Extract every record, keeping each one exactly as it is.

> [Data]
□ □ □

section \<open>Brackets of monomials in u_x\<close>

lemma frechet_ux_monom_ux_monom:
  assumes "1 \<le> j" "1 \<le> k"
  shows "frechet (ux_monom c j) (ux_monom q k) N x =
      (if N = replicate_mset (j + k) 1 then deriv c x * q x + real j * c x * deriv q x else 0)
    + (if N = add_mset 2 (replicate_mset (j + k - 2) 1) then real j * real k * c x * q x else 0)"
proof -
  have sum1: "replicate_mset (j - 1) 1 + replicate_mset (Suc k) 1 = replicate_mset (j + k) (1::nat)"
    using assms(1) by (cases j) (simp_all add: replicate_mset_add)
  have sum2: "replicate_mset (j - 1) 1 + add_mset 2 (replicate_mset (k - 1) 1)
      = add_mset 2 (replicate_mset (j + k - 2) (1::nat))"
    using assms by (cases j; cases k) (simp_all add: replicate_mset_add)
  have term0: "(if replicate_mset j 1 \<subseteq># N
        then deriv c x * ux_monom q k (N - replicate_mset j 1) x else 0)
      = (if N = replicate_mset (j + k) 1 then deriv c x * q x else 0)"
  proof (cases "replicate_mset j 1 \<subseteq># N")
    case True
    then show ?thesis by (simp add: dmonom_def subset_mset_diff_eq_iff replicate_mset_add)
  next
    case False
    then have "N \<noteq> replicate_mset (j + k) 1"
      by (metis replicate_mset_add subset_mset.add_diff_inverse subset_mset.le_add_same_cancel1
          subset_mset.zero_le)
    with False show ?thesis by simp
  qed
  have term1: "(if replicate_mset (j - 1) 1 \<subseteq># N
      then real j * c x * Dtot (ux_monom q k) (N - replicate_mset (j - 1) 1) x else 0)
    = (if N = replicate_mset (j + k) 1 then real j * c x * deriv q x else 0)
    + (if N = add_mset 2 (replicate_mset (j + k - 2) 1) then real j * real k * c x * q x else 0)"
  proof (cases "replicate_mset (j - 1) 1 \<subseteq># N")
    case True
    have "N - replicate_mset (j - 1) 1 = replicate_mset (Suc k) 1 \<longleftrightarrow> N = replicate_mset (j + k) 1"
      "N - replicate_mset (j - 1) 1 = add_mset 2 (replicate_mset (k - 1) 1)
        \<longleftrightarrow> N = add_mset 2 (replicate_mset (j + k - 2) 1)"
      by (simp_all only: subset_mset_diff_eq_iff[OF True] sum1 sum2)
    then show ?thesis
      using True by (simp only: Dtot_ux_monom[OF assms(2)] if_True) (simp add: distrib_left)
  next
    case False
    then have "N \<noteq> replicate_mset (j + k) 1" "N \<noteq> add_mset 2 (replicate_mset (j + k - 2) 1)"
      unfolding sum1[symmetric] sum2[symmetric] by auto
    with False show ?thesis by simp
  qed
  show ?thesis
    unfolding frechet_ux_monom[OF assms(1)] term0 term1 by simp
qed
lemma relaxed_step_norm_sq_le:
  fixes x d s :: "'a::real_inner"
  assumes "0 < \<alpha>" "c * (norm d)\<^sup>2 \<le> inner (- d) (x - s)"
  shows "(norm (x + \<alpha> *\<^sub>R d - s))\<^sup>2 + \<alpha> * (2 * c - \<alpha>) * (norm d)\<^sup>2 \<le> (norm (x - s))\<^sup>2"
proof -
  have "inner (x - s) (\<alpha> *\<^sub>R d) =
      ((norm ((x - s) + \<alpha> *\<^sub>R d))\<^sup>2 - (norm (x - s))\<^sup>2 - (norm (\<alpha> *\<^sub>R d))\<^sup>2) / 2"
    by (rule dot_norm)
  hence "(norm (x + \<alpha> *\<^sub>R d - s))\<^sup>2 = (norm (x - s))\<^sup>2 - 2 * \<alpha> * inner (- d) (x - s) + \<alpha>\<^sup>2 * (norm d)\<^sup>2"
    by (simp add: inner_commute[of d] power_mult_distrib algebra_simps)
  moreover have "\<alpha> * (c * (norm d)\<^sup>2) \<le> \<alpha> * inner (- d) (x - s)"
    using mult_left_mono[OF assms(2)] assms(1) by simp
  ultimately show ?thesis by (simp add: power2_eq_square algebra_simps)
qed

lemma Min_mult_card_le_sum:
  fixes f :: "'b \<Rightarrow> real"
  assumes "finite X" "X \<noteq> {}"
  shows "Min (f ` X) * card X \<le> sum f X"
proof -
  have "(\<Sum>_\<in>X. Min (f ` X)) \<le> sum f X" by (rule sum_mono) (simp add: assms)
  thus ?thesis by (simp add: mult.commute)
qed

lemma norm_le_if_inner_diff_nonneg:
  fixes p e :: "'a::real_inner"
  assumes "0 \<le> inner (p - e) e"
  shows "norm e \<le> norm p"
proof -
  have "norm e * norm e \<le> inner p e"
    using assms by (simp add: inner_diff_left power2_norm_eq_inner[symmetric] power2_eq_square)
  also have "\<dots> \<le> norm p * norm e" by (rule norm_cauchy_schwarz)
  finally show ?thesis by (cases "norm e = 0") (auto simp: mult_le_cancel_right)
qed

lemma maximally_monotone_limit:
  fixes A :: "'a::real_inner \<Rightarrow> 'a set"
  assumes "maximally_monotone A" and "\<And>n. u n \<in> A (x n)"
    and "x \<longlonglongrightarrow> x0" and "u \<longlonglongrightarrow> u0"
  shows "u0 \<in> A x0"
proof -
  have "0 \<le> inner (u0 - v) (x0 - y)" if "(y, v) \<in> graph_op A" for y v
  proof (rule LIMSEQ_le_const)
    show "(\<lambda>n. inner (u n - v) (x n - y)) \<longlonglongrightarrow> inner (u0 - v) (x0 - y)"
      using assms(3,4) by (intro tendsto_intros)
    show "\<exists>N. \<forall>n\<ge>N. 0 \<le> inner (u n - v) (x n - y)"
      using assms(1,2) that by (auto simp: maximally_monotone_def graph_op_def intro: monotone_opD)
  qed
  thus ?thesis using assms(1) unfolding maximally_monotone_def by blast
qed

□ □ □

> [Problem solution]
section \<open>Brackets of monomials in u_x\<close>

lemma frechet_ux_monom_ux_monom:
  assumes "1 \<le> j" "1 \<le> k"
  shows "frechet (ux_monom c j) (ux_monom q k) N x =
      (if N = replicate_mset (j + k) 1 then deriv c x * q x + real j * c x * deriv q x else 0)
    + (if N = add_mset 2 (replicate_mset (j + k - 2) 1) then real j * real k * c x * q x else 0)"
proof -
  have sum1: "replicate_mset (j - 1) 1 + replicate_mset (Suc k) 1 = replicate_mset (j + k) (1::nat)"
    using assms(1) by (cases j) (simp_all add: replicate_mset_add)
  have sum2: "replicate_mset (j - 1) 1 + add_mset 2 (replicate_mset (k - 1) 1)
      = add_mset 2 (replicate_mset (j + k - 2) (1::nat))"
    using assms by (cases j; cases k) (simp_all add: replicate_mset_add)
  have term0: "(if replicate_mset j 1 \<subseteq># N
        then deriv c x * ux_monom q k (N - replicate_mset j 1) x else 0)
      = (if N = replicate_mset (j + k) 1 then deriv c x * q x else 0)"
  proof (cases "replicate_mset j 1 \<subseteq># N")
    case True
    then show ?thesis by (simp add: dmonom_def subset_mset_diff_eq_iff replicate_mset_add)
  next
    case False
    then have "N \<noteq> replicate_mset (j + k) 1"
      by (metis replicate_mset_add subset_mset.add_diff_inverse subset_mset.le_add_same_cancel1
          subset_mset.zero_le)
    with False show ?thesis by simp
  qed
  have term1: "(if replicate_mset (j - 1) 1 \<subseteq># N
      then real j * c x * Dtot (ux_monom q k) (N - replicate_mset (j - 1) 1) x else 0)
    = (if N = replicate_mset (j + k) 1 then real j * c x * deriv q x else 0)
    + (if N = add_mset 2 (replicate_mset (j + k - 2) 1) then real j * real k * c x * q x else 0)"
  proof (cases "replicate_mset (j - 1) 1 \<subseteq># N")
    case True
    have "N - replicate_mset (j - 1) 1 = replicate_mset (Suc k) 1 \<longleftrightarrow> N = replicate_mset (j + k) 1"
      "N - replicate_mset (j - 1) 1 = add_mset 2 (replicate_mset (k - 1) 1)
        \<longleftrightarrow> N = add_mset 2 (replicate_mset (j + k - 2) 1)"
      by (simp_all only: subset_mset_diff_eq_iff[OF True] sum1 sum2)
    then show ?thesis
      using True by (simp only: Dtot_ux_monom[OF assms(2)] if_True) (simp add: distrib_left)
  next
    case False
    then have "N \<noteq> replicate_mset (j + k) 1" "N \<noteq> add_mset 2 (replicate_mset (j + k - 2) 1)"
      unfolding sum1[symmetric] sum2[symmetric] by auto
    with False show ?thesis by simp
  qed
  show ?thesis
    unfolding frechet_ux_monom[OF assms(1)] term0 term1 by simp
qed
lemma relaxed_step_norm_sq_le:
  fixes x d s :: "'a::real_inner"
  assumes "0 < \<alpha>" "c * (norm d)\<^sup>2 \<le> inner (- d) (x - s)"
  shows "(norm (x + \<alpha> *\<^sub>R d - s))\<^sup>2 + \<alpha> * (2 * c - \<alpha>) * (norm d)\<^sup>2 \<le> (norm (x - s))\<^sup>2"
proof -
  have "inner (x - s) (\<alpha> *\<^sub>R d) =
      ((norm ((x - s) + \<alpha> *\<^sub>R d))\<^sup>2 - (norm (x - s))\<^sup>2 - (norm (\<alpha> *\<^sub>R d))\<^sup>2) / 2"
    by (rule dot_norm)
  hence "(norm (x + \<alpha> *\<^sub>R d - s))\<^sup>2 = (norm (x - s))\<^sup>2 - 2 * \<alpha> * inner (- d) (x - s) + \<alpha>\<^sup>2 * (norm d)\<^sup>2"
    by (simp add: inner_commute[of d] power_mult_distrib algebra_simps)
  moreover have "\<alpha> * (c * (norm d)\<^sup>2) \<le> \<alpha> * inner (- d) (x - s)"
    using mult_left_mono[OF assms(2)] assms(1) by simp
  ultimately show ?thesis by (simp add: power2_eq_square algebra_simps)
qed

lemma Min_mult_card_le_sum:
  fixes f :: "'b \<Rightarrow> real"
  assumes "finite X" "X \<noteq> {}"
  shows "Min (f ` X) * card X \<le> sum f X"
proof -
  have "(\<Sum>_\<in>X. Min (f ` X)) \<le> sum f X" by (rule sum_mono) (simp add: assms)
  thus ?thesis by (simp add: mult.commute)
qed

lemma norm_le_if_inner_diff_nonneg:
  fixes p e :: "'a::real_inner"
  assumes "0 \<le> inner (p - e) e"
  shows "norm e \<le> norm p"
proof -
  have "norm e * norm e \<le> inner p e"
    using assms by (simp add: inner_diff_left power2_norm_eq_inner[symmetric] power2_eq_square)
  also have "\<dots> \<le> norm p * norm e" by (rule norm_cauchy_schwarz)
  finally show ?thesis by (cases "norm e = 0") (auto simp: mult_le_cancel_right)
qed

lemma maximally_monotone_limit:
  fixes A :: "'a::real_inner \<Rightarrow> 'a set"
  assumes "maximally_monotone A" and "\<And>n. u n \<in> A (x n)"
    and "x \<longlonglongrightarrow> x0" and "u \<longlonglongrightarrow> u0"
  shows "u0 \<in> A x0"
proof -
  have "0 \<le> inner (u0 - v) (x0 - y)" if "(y, v) \<in> graph_op A" for y v
  proof (rule LIMSEQ_le_const)
    show "(\<lambda>n. inner (u n - v) (x n - y)) \<longlonglongrightarrow> inner (u0 - v) (x0 - y)"
      using assms(3,4) by (intro tendsto_intros)
    show "\<exists>N. \<forall>n\<ge>N. 0 \<le> inner (u n - v) (x n - y)"
      using assms(1,2) that by (auto simp: maximally_monotone_def graph_op_def intro: monotone_opD)
  qed
  thus ?thesis using assms(1) unfolding maximally_monotone_def by blast
qed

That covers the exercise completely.